The Role of Cryptocurrency in NFTs

NFTs are bought and sold with digital currencies.  In fact, NFTs are a component of the overarching Ethereum blockchain.  Ethereum is sometimes referred to as ETH for short.  The blockchain ledger verifies the identity of each NFT including the identity of its owner.  Additional blockchains aside from Ethereum, including Bitcoin Cash and FLOW are now supporting NFTs.  The NFT identifies ownership, regardless of whether the NFT’s file form is a GIF, MP3, JPG or other format.  

The amount of cryptocurrency paid for an NFT put up for sale or auction hinges on the demand for that unique piece of digital art.  If there is significant demand for an NFT, it has the potential to sell for millions of dollars.

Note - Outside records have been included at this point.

lemma integral_std_normal_PiM_monomial_quadratic:
  assumes "finite I" "set_mset M \<subseteq> I" "\<And>p. count M p = 0 \<or> count M p = 2"
  shows "(\<integral>w. (\<Prod>x\<in>#M. w x) \<partial>PiM I (\<lambda>_. std_normal)) = 1"
  using assms by (simp add: integral_std_normal_PiM_monomial std_normal_moment_0_2)

lemma integral_std_normal_PiM_pair:
  assumes "finite I" "p \<in> I" "q \<in> I" "p \<noteq> q"
  shows "(\<integral>w. w p * w q \<partial>PiM I (\<lambda>_. std_normal)) = 0"
  using integral_std_normal_PiM_monomial_odd[of I "{#p, q#}" p] assms by simp

lemma integral_std_normal_PiM_product4:
  assumes "finite I" "a \<in> I" "b \<in> I" "c \<in> I" "d \<in> I"
    and "a \<noteq> b" "a \<noteq> d" "c \<noteq> b" "c \<noteq> d"
  shows "(\<integral>w. w a * w b * w c * w d \<partial>PiM I (\<lambda>_. std_normal)) = (if a = c \<and> b = d then 1 else 0)"
proof -
  let ?M = "{#a, b, c, d#}"
  have monomial: "(\<lambda>w. w a * w b * w c * w d) = (\<lambda>w. \<Prod>x\<in>#?M. w x)"
    by (simp add: mult_ac)
  have "(\<integral>w. (\<Prod>x\<in>#?M. w x) \<partial>PiM I (\<lambda>_. std_normal)) = (if a = c \<and> b = d then 1 else 0)"
  proof (cases "a = c")
    case ac: True
    show ?thesis
    proof (cases "b = d")
      case True
      have "count ?M p = 0 \<or> count ?M p = 2" for p
        using ac True assms by auto
      with ac True assms show ?thesis by (subst integral_std_normal_PiM_monomial_quadratic) auto
    next
      case False
      with ac assms show ?thesis by (subst integral_std_normal_PiM_monomial_odd[where p = b]) auto
    qed
  next
    case False
    with assms show ?thesis by (subst integral_std_normal_PiM_monomial_odd[where p = a]) auto
  qed
  then show ?thesis by (simp only: monomial)
qed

Buying NFTs is Easier Than Most Assume

If you are interested in buying NFTs, you’ll have no shortage of platforms to choose from.  OpenSea is one of the most popular platforms for buying, selling and trading NFTs.  Foundation, Nifty Gateway, SuperRare and BakerySwap are additional examples of platforms for buying and selling NFTs.  Purchase cryptocurrency such as Ethereum, open a digital wallet, add your crypto to that wallet, link the wallet to the platform and you’ll be able to buy NFTs.  You can buy NFTs at the list price advertised by the seller or participate in NFT auctions in which the highest bid wins the NFT.